Merge Nodes

We can merge a list of nodes onto the first one in the list. All relationships are merged onto that node too. We can specify the merge behavior for properties globally and/or individually.

MATCH (p:Person)
WITH p ORDER BY p.created DESC // newest one first
WITH p.email AS email, collect(p) as nodes
CALL apoc.refactor.mergeNodes(nodes, {properties: {
    name:'discard',
    age:'overwrite',
    kids:'combine',
    `addr.*`: 'overwrite',
    `.*`: 'discard'
}})
YIELD node
RETURN node

Below are the config options for this procedure: These config option also works for apoc.refactor.mergeRelationships([rels],{config}).

type operations

discard

the property from the first node will remain if already set, otherwise the first property in list will be written

overwrite / override

last property in list wins

combine

if there is only one property in list, it will be set / kept as single property otherwise create an array, tries to coerce values

In addition, mergeNodes supports the following config properties:

type operations

mergeRels

true/false: give the possibility to merge relationships with same type and direction.

produceSelfRel

true/false: if true (default), any eventual new self-relationship that would be created from the nodes merged into target node are inserted, otherwise not. Please note that this param is independent from mergeRels config and doesn’t affect on pre-existing self-relationships (in this case it is used the preserveExistingSelfRels config).

preserveExistingSelfRels

true/false: is valid only with mergeRels:true. If true (default), the pre-existing self-relationships in the final node will remain, otherwise will be deleted.

singleElementAsArray

false/true: if is false (default) and type is combine in case the merge of two arrays is a new array with size 1 it extracts the single value.

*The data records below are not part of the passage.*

(* Let $\mathfrak{N}_1$ and $\mathfrak{N}_2$ be properly infinite von Neumann algebras on a Hilbert space $\mathcal{H}$ such that $\mathfrak{N}_1 \subseteq \mathfrak{N}_2'$ and $X_1 X_2 \neq 0$ for all nonzero $X_1 \in \mathfrak{N}_1$ and nonzero $X_2 \in \mathfrak{N}_2$. Then for every unit vector $\Psi \in \mathcal{H}$ and every $\epsilon > 0$ there exists a unit vector $\Psi' \in \mathcal{H}$ with $\|\Psi - \Psi'\| < \epsilon$ such that the vector state $X \mapsto \langle \Psi', X\Psi'\rangle$ of $\mathfrak{N}_1 \vee \mathfrak{N}_2$ is an EPR state for incommensurable pairs.
   Context: $\mathfrak{N}'$ denotes the commutant, $\mathfrak{N}_1 \vee \mathfrak{N}_2$ the von Neumann algebra generated by $\mathfrak{N}_1$ and $\mathfrak{N}_2$, $[X,Y] = XY - YX$, $|X|^2 = X^*X$. For commuting self-adjoint operators $A_1, A_2$, a normal state $\omega$ is an EPR state for $(A_1, A_2)$ if $\omega((A_1 - A_2)^2) = 0$. A normal state $\omega$ of $\mathfrak{N}_1 \vee \mathfrak{N}_2$ is an EPR state for incommensurable pairs if there exist projections $E_1, F_1 \in \mathfrak{N}_1$ and $E_2, F_2 \in \mathfrak{N}_2$ such that $\omega$ is an EPR state for $(E_1,E_2)$ and for $(F_1,F_2)$, $\omega(|[E_1,F_1]|^2) \neq 0$, and $\omega(|[E_2,F_2]|^2) \neq 0$. *)

theory Defs
  imports Complex_Main
begin

class complex_inner = real_normed_vector +
  fixes scaleC :: "complex \<Rightarrow> 'a \<Rightarrow> 'a"
    and cinner :: "'a \<Rightarrow> 'a \<Rightarrow> complex"
  assumes scaleC_add_right: "scaleC c (x + y) = scaleC c x + scaleC c y"
    and scaleC_add_left: "scaleC (b + c) x = scaleC b x + scaleC c x"
    and scaleC_scaleC: "scaleC b (scaleC c x) = scaleC (b * c) x"
    and scaleC_one: "scaleC 1 x = x"
    and scaleR_scaleC: "scaleR r x = scaleC (complex_of_real r) x"
    and cinner_add_right: "cinner x (y + z) = cinner x y + cinner x z"
    and cinner_scaleC_right: "cinner x (scaleC c y) = c * cinner x y"
    and cinner_commute: "cinner x y = cnj (cinner y x)"
    and cinner_self_real: "cinner x x = complex_of_real (Re (cinner x x))"
    and cinner_self_nonneg: "0 \<le> Re (cinner x x)"
    and norm_eq_sqrt_cinner: "norm x = sqrt (Re (cinner x x))"

class chilbert_space = complex_inner + complete_space

definition bounded_op :: "('h::complex_inner \<Rightarrow> 'h) \<Rightarrow> bool" where
  "bounded_op A \<longleftrightarrow>
     (\<forall>x y. A (x + y) = A x + A y) \<and>
     (\<forall>c x. A (scaleC c x) = scaleC c (A x)) \<and>
     (\<exists>K. \<forall>x. norm (A x) \<le> norm x * K)"

text \<open>Hilbert-space adjoint (exists and is unique for bounded operators by Riesz).\<close>

definition adj :: "('h::complex_inner \<Rightarrow> 'h) \<Rightarrow> ('h \<Rightarrow> 'h)" where
  "adj A = (SOME B. bounded_op B \<and> (\<forall>x y. cinner x (A y) = cinner (B x) y))"

definition commutant :: "('h::complex_inner \<Rightarrow> 'h) set \<Rightarrow> ('h \<Rightarrow> 'h) set" where
  "commutant M = {B. bounded_op B \<and> (\<forall>A\<in>M. A \<circ> B = B \<circ> A)}"

text \<open>Von Neumann algebra: a self-adjoint set of bounded operators equal to its
double commutant (equivalently, by the double commutant theorem, a weakly closed
unital *-subalgebra).\<close>

definition von_neumann_algebra :: "('h::complex_inner \<Rightarrow> 'h) set \<Rightarrow> bool" where
  "von_neumann_algebra M \<longleftrightarrow>
     M \<subseteq> {A. bounded_op A} \<and> (\<forall>A\<in>M. adj A \<in> M) \<and> commutant (commutant M) = M"

definition vN_join :: "('h::complex_inner \<Rightarrow> 'h) set \<Rightarrow> ('h \<Rightarrow> 'h) set \<Rightarrow> ('h \<Rightarrow> 'h) set" where
  "vN_join N1 N2 = commutant (commutant (N1 \<union> N2))"

definition zero_op :: "'h::complex_inner \<Rightarrow> 'h" where
  "zero_op = (\<lambda>_. 0)"

definition is_projection :: "('h::complex_inner \<Rightarrow> 'h) \<Rightarrow> bool" where
  "is_projection P \<longleftrightarrow> bounded_op P \<and> P \<circ> P = P \<and> adj P = P"

text \<open>A projection P in M is infinite if it is Murray--von Neumann equivalent (via a
partial isometry in M) to a proper subprojection of itself.\<close>

definition infinite_projection :: "('h::complex_inner \<Rightarrow> 'h) set \<Rightarrow> ('h \<Rightarrow> 'h) \<Rightarrow> bool" where
  "infinite_projection M P \<longleftrightarrow>
     (\<exists>V\<in>M. adj V \<circ> V = P \<and> P \<circ> (V \<circ> adj V) = V \<circ> adj V \<and> V \<circ> adj V \<noteq> P)"

definition properly_infinite :: "('h::complex_inner \<Rightarrow> 'h) set \<Rightarrow> bool" where
  "properly_infinite M \<longleftrightarrow>
     (\<forall>P \<in> M \<inter> commutant M. is_projection P \<and> P \<noteq> zero_op \<longrightarrow> infinite_projection M P)"

definition op_diff :: "('h::complex_inner \<Rightarrow> 'h) \<Rightarrow> ('h \<Rightarrow> 'h) \<Rightarrow> ('h \<Rightarrow> 'h)" where
  "op_diff A B = (\<lambda>x. A x - B x)"

definition commutator :: "('h::complex_inner \<Rightarrow> 'h) \<Rightarrow> ('h \<Rightarrow> 'h) \<Rightarrow> ('h \<Rightarrow> 'h)" where
  "commutator X Y = op_diff (X \<circ> Y) (Y \<circ> X)"

definition abs_sq :: "('h::complex_inner \<Rightarrow> 'h) \<Rightarrow> ('h \<Rightarrow> 'h)" where
  "abs_sq X = adj X \<circ> X"

definition vector_state :: "'h::complex_inner \<Rightarrow> ('h \<Rightarrow> 'h) \<Rightarrow> complex" where
  "vector_state \<Psi> X = cinner \<Psi> (X \<Psi>)"

definition EPR_state :: "(('h::complex_inner \<Rightarrow> 'h) \<Rightarrow> complex) \<Rightarrow> ('h \<Rightarrow> 'h) \<Rightarrow> ('h \<Rightarrow> 'h) \<Rightarrow> bool" where
  "EPR_state \<omega> A1 A2 \<longleftrightarrow> \<omega> (op_diff A1 A2 \<circ> op_diff A1 A2) = 0"

definition EPR_incommensurable ::
  "('h::complex_inner \<Rightarrow> 'h) set \<Rightarrow> ('h \<Rightarrow> 'h) set \<Rightarrow> (('h \<Rightarrow> 'h) \<Rightarrow> complex) \<Rightarrow> bool" where
  "EPR_incommensurable N1 N2 \<omega> \<longleftrightarrow>
     (\<exists>E1\<in>N1. \<exists>F1\<in>N1. \<exists>E2\<in>N2. \<exists>F2\<in>N2.
        is_projection E1 \<and> is_projection F1 \<and> is_projection E2 \<and> is_projection F2 \<and>
        EPR_state \<omega> E1 E2 \<and> EPR_state \<omega> F1 F2 \<and>
        \<omega> (abs_sq (commutator E1 F1)) \<noteq> 0 \<and>
        \<omega> (abs_sq (commutator E2 F2)) \<noteq> 0)"

end

theory Submission
  imports Defs
begin

text \<open>In a properly infinite von Neumann algebra the identity is equivalent to a proper
  subprojection, so there is an isometry \<open>V\<close> with \<open>V V\<^sup>* \<noteq> 1\<close>. The projections
  \<open>V\<^sup>j (1 - V V\<^sup>*) V\<^sup>*\<^sup>j\<close> are mutually orthogonal, so for large \<open>j\<close> both the \<open>j\<close>-th and the
  \<open>(j+1)\<close>-st of them nearly annihilate \<open>\<Psi>\<close>; together with \<open>V\<close> they span a copy of the
  2 \<times> 2 matrix units \<open>e\<^sub>i\<^sub>j\<close> in \<open>N\<^sub>1\<close> whose diagonal entries nearly annihilate \<open>\<Psi>\<close>.
  Let \<open>f\<^sub>i\<^sub>j\<close> be such matrix units in \<open>N\<^sub>2\<close>. Cutting \<open>\<Psi>\<close> down to
  \<open>\<chi> = (1 - e\<^sub>1\<^sub>1 - e\<^sub>2\<^sub>2)(1 - f\<^sub>1\<^sub>1 - f\<^sub>2\<^sub>2)\<Psi>\<close> changes it only a little, and \<open>\<chi>\<close> is killed by
  all matrix units. Since \<open>e\<^sub>1\<^sub>1 f\<^sub>1\<^sub>1 \<noteq> 0\<close> there is \<open>a \<noteq> 0\<close> with \<open>e\<^sub>1\<^sub>1 a = f\<^sub>1\<^sub>1 a = a\<close>, and
  \<open>\<xi> = a + e\<^sub>2\<^sub>1 f\<^sub>2\<^sub>1 a\<close> is a Bell vector for the two copies of the 2 \<times> 2 matrices. The
  normalisation \<open>\<Psi>'\<close> of \<open>\<chi> + \<delta> \<xi>\<close>, for small \<open>\<delta> > 0\<close>, is EPR correlated for the pairs
  \<open>(e\<^sub>1\<^sub>1, f\<^sub>1\<^sub>1)\<close> and \<open>(F\<^sub>1, F\<^sub>2)\<close>, where \<open>F\<^sub>k\<close> is the projection whose matrix entries
  are all \<open>1/2\<close>, while \<open>[e\<^sub>1\<^sub>1, F\<^sub>1] \<Psi>' \<noteq> 0\<close> and \<open>[f\<^sub>1\<^sub>1, F\<^sub>2] \<Psi>' \<noteq> 0\<close>.\<close>

section \<open>Inner products\<close>

lemma cinner_add_left: "cinner (x + y) (z::'a::complex_inner) = cinner x z + cinner y z"
  by (metis cinner_commute cinner_add_right complex_cnj_add)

If properties parameter is a map, properties with a name not included in parameter map are overridden.

Relationships properties are managed with the same nodes' method, except when the properties parameter is null, in this case entity properties are combined.

Example Usage

The examples below will help us learn how to use these procedures.

Same start and end nodes

The following creates a graph containings relationships that have the same start and end nodes
CREATE (n1:Person {name:'Tom'}),
(n2:Person {name:'John'}),
(n3:Company {name:'Company1'}),
(n5:Car {brand:'Ferrari'}),
(n6:Animal:Cat {name:'Derby'}),
(n7:City {name:'London'}),

(n1)-[:WORKS_FOR {since:2015}]->(n3),
(n2)-[:WORKS_FOR {since:2018}]->(n3),
(n3)-[:HAS_HQ {since:2004}]->(n7),
(n1)-[:DRIVE {since:2017}]->(n5),
(n2)-[:HAS {since:2013}]->(n6);
return *;
apoc.refactor.mergeNodes.createDataSetFirstExample
The following merges John and Tom into a single node:
MATCH (a1:Person{name:'John'}), (a2:Person {name:'Tom'})
WITH head(collect([a1,a2])) as nodes
CALL apoc.refactor.mergeNodes(nodes,{properties:"combine", mergeRels:true})
YIELD node
RETURN count(*)

If we execute this query, it will result in the following graph:

apoc.refactor.mergeNodes.resultFirstExample

Since we have relationships with same start and end nodes, relationships are merged and properties are combined.

Different start and end nodes

The following creates a graph containings relationships that have different start or end nodes:
Create (n1:Person {name:'Tom'}),
(n2:Person {name:'John'}),
(n3:Company {name:'Company1'}),
(n4:Company {name:'Company2'}),
(n5:Car {brand:'Ferrari'}),
(n6:Animal:Cat {name:'Derby'}),
(n7:City {name:'London'}),
(n8:City {name:'Liverpool'}),
(n1)-[:WORKS_FOR{since:2015}]->(n3),
(n2)-[:WORKS_FOR{since:2018}]->(n4),
(n3)-[:HAS_HQ{since:2004}]->(n7),
(n4)-[:HAS_HQ{since:2007}]->(n8),
(n1)-[:DRIVE{since:2017}]->(n5),
(n2)-[:HAS{since:2013}]->(n6)
return *;
apoc.refactor.mergeNodes.createDataSetSecondExample
The following merges John and Tom into a single node:
MATCH (a1:Person{name:'John'}), (a2:Person {name:'Tom'})
WITH head(collect([a1,a2])) as nodes
CALL apoc.refactor.mergeNodes(nodes,{
    properties:"combine",
    mergeRels:true
})
YIELD node
RETURN count(*)

If we execute this query, it will result in the following graph:

apoc.refactor.mergeNodes.resultSecondExample
apoc.refactor.mergeNodes.resultSecondExampleData

Since we have relationships with different end nodes, all relationships and properties are maintained.